Long-lasting lung diseases like asthma and chronic obstructive lung disease (COPD) - collectively called chronic respiratory disease (CRD) - place a heavy and growing burden on people living in low and middle income countries. Many of them could be healthier if their disease was accurately diagnosed and correctly treated, but many are not. Doctors and nurses working in primary health care clinic are best placed people to diagnose and treat CRD, especially where local clinics are near and free. But this raises three questions: 1. How to ensure that CRDs get the priority they need in overloaded clinics? 2. How to train clinicians to diagnose and manage CRDs without special test equipment? 3. How to ensure rational evidence-based diagnosis and prescribing for CRD?

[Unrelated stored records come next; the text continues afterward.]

lemma ncs_word_eval_loop_monomial:
  assumes "\<And>x. \<sigma> (Inl x) = ncs_letter x" and "\<And>y. \<sigma> (Inr (Some y)) = loop_series y"
  shows "ncs_word_eval \<sigma> (loop_monomial (e, b, b')) =
    ncs_mult (ncs_letter (ELet e)) (ncs_mult (optional_loop b (tgt e))
      (ncs_mult (ncs_letter (ELet (opp e))) (optional_loop b' (src e))))"
  by (cases b; cases b') (simp_all add: assms optional_var_def optional_loop_def)

lemma ncs_subst_loop_polynomial:
  assumes "\<And>x. \<sigma> (Inl x) = ncs_letter x" and "\<And>y. \<sigma> (Inr (Some y)) = loop_series y"
  shows "ncs_subst (loop_polynomial c y) \<sigma> w = c * loop_series y w"
proof -
  have "c * loop_series y w = c * (\<Sum>e\<in>{e. src e = y}. edge_coeff e *
      ncs_mult (ncs_letter (ELet e)) (ncs_mult (amp_series (tgt e))
        (ncs_mult (ncs_letter (ELet (opp e))) (amp_series y))) w)"
    using fun_cong[OF amp_series_first_return[of y], of w] by (simp add: loop_series_def)
  also have "\<dots> = (\<Sum>e\<in>{e. src e = y}. \<Sum>b\<in>UNIV. \<Sum>b'\<in>UNIV. c * edge_coeff e *
      ncs_word_eval \<sigma> (loop_monomial (e, b, b')) w)"
    by (auto simp: amp_series_eq_sum_optional_loop ncs_mult_sum_left ncs_mult_sum_right
        ncs_word_eval_loop_monomial[OF assms] sum_distrib_left mult.assoc
        simp del: loop_monomial.simps intro!: sum.cong)
  also have "\<dots> = ncs_subst (loop_polynomial c y) \<sigma> w"
    unfolding loop_polynomial_def
    by (subst ncs_subst_linear_combination)
      (simp_all add: sum.cartesian_product split_def del: loop_monomial.simps)
  finally show ?thesis ..
qed

lemma P_series_eq_loop_series:
  assumes "w \<noteq> []"
  shows "P_series \<mu> src tgt opp \<alpha> w - complex_of_real (\<mu> \<alpha>) * ncs_letter (VLet \<alpha>) w =
    \<mu> \<alpha> * loop_series \<alpha> w"
proof (cases "\<exists>es. w = map ELet es \<and> is_loop_at src tgt \<alpha> es")
  case True
  then obtain es where w: "w = map ELet es" and loop: "is_loop_at src tgt \<alpha> es"
    by blast
  then have "es \<noteq> []" "src (hd es) = \<alpha>"
    unfolding is_loop_at_def by auto
  then show ?thesis
    using True by (auto simp: w P_series_def ncs_letter_def loop_series_def ncs_one_def
        fTr_X_dir_word comp_def)
next
  case not_loop: False
  have "amp_series \<alpha> w = 0"
  proof (cases "set w \<subseteq> range ELet")
    case True
    then obtain es where w: "w = map ELet es"
      using ex_map_conv[of w ELet] by blast
    have "\<not> walk \<alpha> es \<alpha>"
      using not_loop walk_imp_is_loop_at assms w by auto
    then show ?thesis
      using amp_nonzero_imp_walk w by auto
  qed (simp add: amp_series_def)
  then show ?thesis
    using not_loop assms
    by (auto simp: P_series_def ncs_letter_def loop_series_def ncs_one_def amp_series_def)
qed

end

theorem lemma3p12:
  fixes \<mu> :: "'v::finite \<Rightarrow> real" and src tgt :: "'e::finite \<Rightarrow> 'v" and opp :: "'e \<Rightarrow> 'e"
    and \<alpha> :: 'v
  assumes "graph_ok src tgt opp"
    and "\<And>v. \<mu> v > 0"
  shows "nc_algebraic (\<lambda>w. P_series \<mu> src tgt opp \<alpha> w
            - complex_of_real (\<mu> \<alpha>) * ncs_letter (VLet \<alpha>) w)"
proof -
  interpret fock_graph \<mu> src tgt opp
    using assms by unfold_locales
  define Q where "Q z = (case z of None \<Rightarrow> (\<lambda>w. \<mu> \<alpha> * loop_series \<alpha> w)
    | Some y \<Rightarrow> loop_series y)" for z
  define p where "p z = (case z of None \<Rightarrow> loop_polynomial (\<mu> \<alpha>) \<alpha>
    | Some y \<Rightarrow> loop_polynomial 1 y)" for z
  have "nc_algebraic (Q None)"
  proof (rule nc_algebraic_of_finite_system)
    show "finite {u. p z u \<noteq> 0}" "p z [] = 0" "p z [Inr z'] = 0" for z z'
      by (simp_all add: p_def finite_loop_polynomial_support loop_polynomial_Nil
          loop_polynomial_variable split: option.split)
    show "Q z = ncs_subst (p z) (case_sum ncs_letter Q)" "Q z [] = 0" for z
      by (auto simp: Q_def p_def ncs_subst_loop_polynomial loop_series_Nil split: option.split)
  qed
  moreover have "?thesis \<longleftrightarrow> nc_algebraic (Q None)"
    using P_series_eq_loop_series by (intro nc_algebraic_cong) (simp add: Q_def)
  ultimately show ?thesis by simp
qed

end
text \<open>By reflection symmetry twice the expectation is the expectation of the three absolute values
  from the identity above, each of which is an absolute moment of a linear combination.\<close>
lemma nn_integral_binorm_max:
  assumes \<rho>: "\<bar>\<rho>\<bar> < 1"
  shows "(\<integral>\<^sup>+p. binorm_density \<rho> p * ennreal (max (max (a * fst p) (b * snd p)) 0) \<partial>(lborel \<Otimes>\<^sub>M lborel))
     = ennreal ((\<bar>a\<bar> + \<bar>b\<bar> + sqrt (lincomb_variance \<rho> a (- b))) / (2 * sqrt (2 * pi)))"
    (is "?I = ennreal ?R")
proof -
  define f where "f p = max (max (a * fst p) (b * snd p)) 0" for p :: "real \<times> real"
  define E where "E g = (\<integral>\<^sup>+p. binorm_density \<rho> p * g p \<partial>(lborel \<Otimes>\<^sub>M lborel))"
    for g :: "real \<times> real \<Rightarrow> ennreal"
  define k where "k = sqrt (2 / pi)"
  let ?abs = "\<lambda>u v p. ennreal \<bar>u * fst p + v * snd p\<bar>"
  have abs_moment: "E (?abs u v) = ennreal (sqrt (lincomb_variance \<rho> u v) * k)" for u v
    unfolding E_def k_def by (rule nn_integral_binorm_abs_lincomb[OF \<rho>])
  have sum_reflected: "ennreal (f p) + ennreal (f (- fst p, - snd p))
      = ?abs (a / 2) 0 p + ?abs 0 (b / 2) p + ?abs (a / 2) (- (b / 2)) p" for p
  proof -
    have "ennreal (f p) + ennreal (f (- fst p, - snd p)) = ennreal (f p + f (- fst p, - snd p))"
      by (rule ennreal_plus[symmetric]) (simp_all add: f_def)
    also have "f p + f (- fst p, - snd p)
        = \<bar>a / 2 * fst p + 0 * snd p\<bar> + \<bar>0 * fst p + b / 2 * snd p\<bar> + \<bar>a / 2 * fst p + - (b / 2) * snd p\<bar>"
      using max_plus_reflected_max[of "a * fst p" "b * snd p"] unfolding f_def by simp
    finally show ?thesis
      by (simp only: ennreal_plus abs_ge_zero add_nonneg_nonneg)
  qed
  have reflected: "E (\<lambda>p. ennreal (f (- fst p, - snd p))) = E (\<lambda>p. ennreal (f p))"
    unfolding E_def by (rule nn_integral_binorm_reflect) (simp add: f_def)
  have "?I = E (\<lambda>p. ennreal (f p))" unfolding E_def f_def ..
  then have "?I + ?I = E (\<lambda>p. ennreal (f p)) + E (\<lambda>p. ennreal (f (- fst p, - snd p)))"
    unfolding reflected by simp
  also have "\<dots> = E (\<lambda>p. ennreal (f p) + ennreal (f (- fst p, - snd p)))"
    unfolding E_def distrib_left by (rule nn_integral_add[symmetric]) (simp_all add: f_def)
  also have "\<dots> = E (\<lambda>p. ?abs (a / 2) 0 p + ?abs 0 (b / 2) p + ?abs (a / 2) (- (b / 2)) p)"
    unfolding sum_reflected ..
  also have "\<dots> = E (?abs (a / 2) 0) + E (?abs 0 (b / 2)) + E (?abs (a / 2) (- (b / 2)))"
    unfolding E_def distrib_left by (simp add: nn_integral_add)
  also have "\<dots> = ennreal (sqrt (lincomb_variance \<rho> (a / 2) 0) * k) + ennreal (sqrt (lincomb_variance \<rho> 0 (b / 2)) * k)
      + ennreal (sqrt (lincomb_variance \<rho> (a / 2) (- (b / 2))) * k)"
    unfolding abs_moment ..
  also have "\<dots> = ennreal (2 * ?R)"
    unfolding k_def by (rule abs_moments_closed_form[OF \<rho>])
  finally have doubled: "?I + ?I = ennreal (2 * ?R)" .
  moreover have "0 \<le> ?R" using lincomb_variance_nonneg[OF \<rho>, of a "- b"] by simp
  ultimately show ?thesis by (rule ennreal_half_of_double)
qed

lemma binorm_expectation_max:
  fixes S T :: "'a \<Rightarrow> real" and a b :: real
  assumes \<rho>: "\<bar>\<rho>\<bar> < 1"
    and dist: "distributed M (lborel \<Otimes>\<^sub>M lborel) (\<lambda>\<omega>. (S \<omega>, T \<omega>)) (\<lambda>p. ennreal (binorm_density \<rho> p))"
  defines "R \<equiv> (\<bar>a\<bar> + \<bar>b\<bar> + sqrt (lincomb_variance \<rho> a (- b))) / (2 * sqrt (2 * pi))"
  shows "integrable M (\<lambda>\<omega>. max (max (a * S \<omega>) (b * T \<omega>)) 0)
     \<and> (\<integral>\<omega>. max (max (a * S \<omega>) (b * T \<omega>)) 0 \<partial>M) = R"
proof -
  have "(\<lambda>\<omega>. (S \<omega>, T \<omega>)) \<in> measurable M (lborel \<Otimes>\<^sub>M lborel)"
    using distributed_measurable[OF dist] .
  then have [measurable]: "S \<in> borel_measurable M" "T \<in> borel_measurable M"
    by (simp_all add: measurable_pair_iff comp_def)
  have R_nonneg: "0 \<le> R" unfolding R_def using lincomb_variance_nonneg[OF \<rho>] by simp
  have nn: "(\<integral>\<^sup>+\<omega>. ennreal (max (max (a * S \<omega>) (b * T \<omega>)) 0) \<partial>M) = ennreal R"
    using distributed_nn_integral[OF dist, of "\<lambda>p. ennreal (max (max (a * fst p) (b * snd p)) 0)"]
      nn_integral_binorm_max[OF \<rho>, of a b]
    unfolding R_def by simp
  have "integrable M (\<lambda>\<omega>. max (max (a * S \<omega>) (b * T \<omega>)) 0)"
    by (rule integrableI_nonneg) (simp, simp, subst nn, simp)
  moreover have "(\<integral>\<omega>. max (max (a * S \<omega>) (b * T \<omega>)) 0 \<partial>M) = R"
    by (subst integral_eq_nn_integral) (simp, simp, subst nn, simp add: R_nonneg)
  ultimately show ?thesis ..
qed

lemma pickands_form:
  fixes x y :: real
  assumes "0 \<le> x" "0 \<le> y" "0 < x + y"
  shows "(x + y + sqrt (lincomb_variance \<rho> x (- y))) / 2
       = (1/2) * (x + y) * (1 + sqrt (1 - 2 * (\<rho> + 1) * (x * y) / (x + y)\<^sup>2))"
proof -
  have "lincomb_variance \<rho> x (- y) = (x + y)\<^sup>2 - 2 * (\<rho> + 1) * (x * y)"
    by (simp add: lincomb_variance_def power2_eq_square algebra_simps)
  then have "1 - 2 * (\<rho> + 1) * (x * y) / (x + y)\<^sup>2 = lincomb_variance \<rho> x (- y) / (x + y)\<^sup>2"
    using assms by (simp add: diff_divide_distrib)
  then have "sqrt (1 - 2 * (\<rho> + 1) * (x * y) / (x + y)\<^sup>2) = sqrt (lincomb_variance \<rho> x (- y)) / (x + y)"
    using assms by (simp add: real_sqrt_divide)
  then show ?thesis using assms by (simp add: field_simps)
qed

theorem mainTheorem10:
  fixes M :: "'a measure" and S T :: "'a \<Rightarrow> real" and \<rho> :: real
  assumes "prob_space M"
    and "-1 < \<rho>" and "\<rho> < 1"
    and "distributed M (lborel \<Otimes>\<^sub>M lborel) (\<lambda>\<omega>. (S \<omega>, T \<omega>))
           (\<lambda>p. ennreal (binorm_density \<rho> p))"
  defines "A \<equiv> (\<lambda>\<omega>. sqrt (2 * pi) * S \<omega>)"
    and "B \<equiv> (\<lambda>\<omega>. sqrt (2 * pi) * T \<omega>)"
  shows "integrable M (\<lambda>\<omega>. max (A \<omega>) 0) \<and> (\<integral>\<omega>. max (A \<omega>) 0 \<partial>M) = 1 \<and>
         integrable M (\<lambda>\<omega>. max (B \<omega>) 0) \<and> (\<integral>\<omega>. max (B \<omega>) 0 \<partial>M) = 1 \<and>
         (\<forall>x y. 0 \<le> x \<longrightarrow> 0 \<le> y \<longrightarrow> 0 < x + y \<longrightarrow>
           integrable M (\<lambda>\<omega>. max (max (x * A \<omega>) (y * B \<omega>)) 0) \<and>
           (\<integral>\<omega>. max (max (x * A \<omega>) (y * B \<omega>)) 0 \<partial>M)
             = (1/2) * (x + y) * (1 + sqrt (1 - 2 * (\<rho> + 1) * (x * y) / (x + y)\<^sup>2)))"
proof -
  have \<rho>: "\<bar>\<rho>\<bar> < 1" using assms(2,3) by auto
  define c where "c = sqrt (2 * pi)"
  have c_pos: "0 < c" unfolding c_def by simp
  have expectation: "integrable M (\<lambda>\<omega>. max (max (x * A \<omega>) (y * B \<omega>)) 0)
      \<and> (\<integral>\<omega>. max (max (x * A \<omega>) (y * B \<omega>)) 0 \<partial>M) = (x + y + sqrt (lincomb_variance \<rho> x (- y))) / 2"
    if "0 \<le> x" "0 \<le> y" for x y
  proof -
    have "(\<lambda>\<omega>. max (max (x * A \<omega>) (y * B \<omega>)) 0) = (\<lambda>\<omega>. max (max ((c * x) * S \<omega>) ((c * y) * T \<omega>)) 0)"
      unfolding A_def B_def c_def by (simp add: mult_ac)
    moreover have "lincomb_variance \<rho> (c * x) (- (c * y)) = c\<^sup>2 * lincomb_variance \<rho> x (- y)"
      by (simp add: lincomb_variance_def power2_eq_square algebra_simps)
    then have "(\<bar>c * x\<bar> + \<bar>c * y\<bar> + sqrt (lincomb_variance \<rho> (c * x) (- (c * y)))) / (2 * c)
        = (x + y + sqrt (lincomb_variance \<rho> x (- y))) / 2"
      using c_pos that by (simp add: real_sqrt_mult abs_mult field_simps)
    ultimately show ?thesis
      using binorm_expectation_max[OF \<rho> assms(4), of "c * x" "c * y", folded c_def] by simp
  qed
  have margins: "(\<lambda>\<omega>. max (A \<omega>) 0) = (\<lambda>\<omega>. max (max (1 * A \<omega>) (0 * B \<omega>)) 0)"
    "(\<lambda>\<omega>. max (B \<omega>) 0) = (\<lambda>\<omega>. max (max (0 * A \<omega>) (1 * B \<omega>)) 0)"
    by (auto simp: fun_eq_iff max_def)
  have joint: "integrable M (\<lambda>\<omega>. max (max (x * A \<omega>) (y * B \<omega>)) 0)
      \<and> (\<integral>\<omega>. max (max (x * A \<omega>) (y * B \<omega>)) 0 \<partial>M)
        = (1/2) * (x + y) * (1 + sqrt (1 - 2 * (\<rho> + 1) * (x * y) / (x + y)\<^sup>2))"
    if "0 \<le> x" "0 \<le> y" "0 < x + y" for x y
    using expectation[OF that(1,2)] pickands_form[OF that, of \<rho>] by simp
  show ?thesis
    using expectation[of 1 0] expectation[of 0 1] joint
    unfolding margins by (simp add: lincomb_variance_def)
qed

end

The investigators have developed a way of improving primary health care for people who have CRD, who often also have other long term health conditions. It is a patient management tool (PMT), that is, a printed manual of flowcharts taking doctors and nurses from symptoms to diagnoses to treatments, tests or referrals, with advice on how to make decisions along the way about diagnoses, tests, treatments and referrals. They are prompted to think of other diseases and health problems that might be undetected or neglected. The package also includes a method of training known as outreach education. First trainers are trained, then trainers train groups of doctors and nurses at their workplaces, showing them how to use the guidelines, and using their own patients and clinical problems as examples. This outreach training is repeated several times in short sessions. The investigators' research in Africa has shown that this approach can be effective, cost effective, feasible and sustainable. It has been rolled out throughout South Africa and other African countries. But it has have not yet been shown to be effective for this combination of diseases (CRDs together with cardiovascular disease, diabetes, tuberculosis and back pain). The investigators have also not tried or evaluate it in Latin American countries, which have different health systems, and have many more doctors providing primary health care. Now co-investigators in the Brazilian city of Florianopolis have decided to put this educational package in place throughout the city, and have agreed to do so as a randomised controlled trial. This will clearly show whether PACK Brazil is effective, cost effective and feasible under Brazilian conditions.
The core of the research will be the randomised controlled trial. 48 primary care clinics in the city will be randomly chosen either 1) to get the whole package of patient management tool plus training, or 2) only to get the patient management tool (which we expect will make little difference without training). The investigators will compare patients in these two groups of clinics to see the effects of the training. They will use the clinics' electronic medical records to identify about 2000 adults diagnosed with asthma or COPD. After the training starts they will follow these patients up for a year, and assess whether they are being appropriately treated and tested. They will also compare the rates of new diagnoses of asthma and COPD in each clinic, and various health indicators.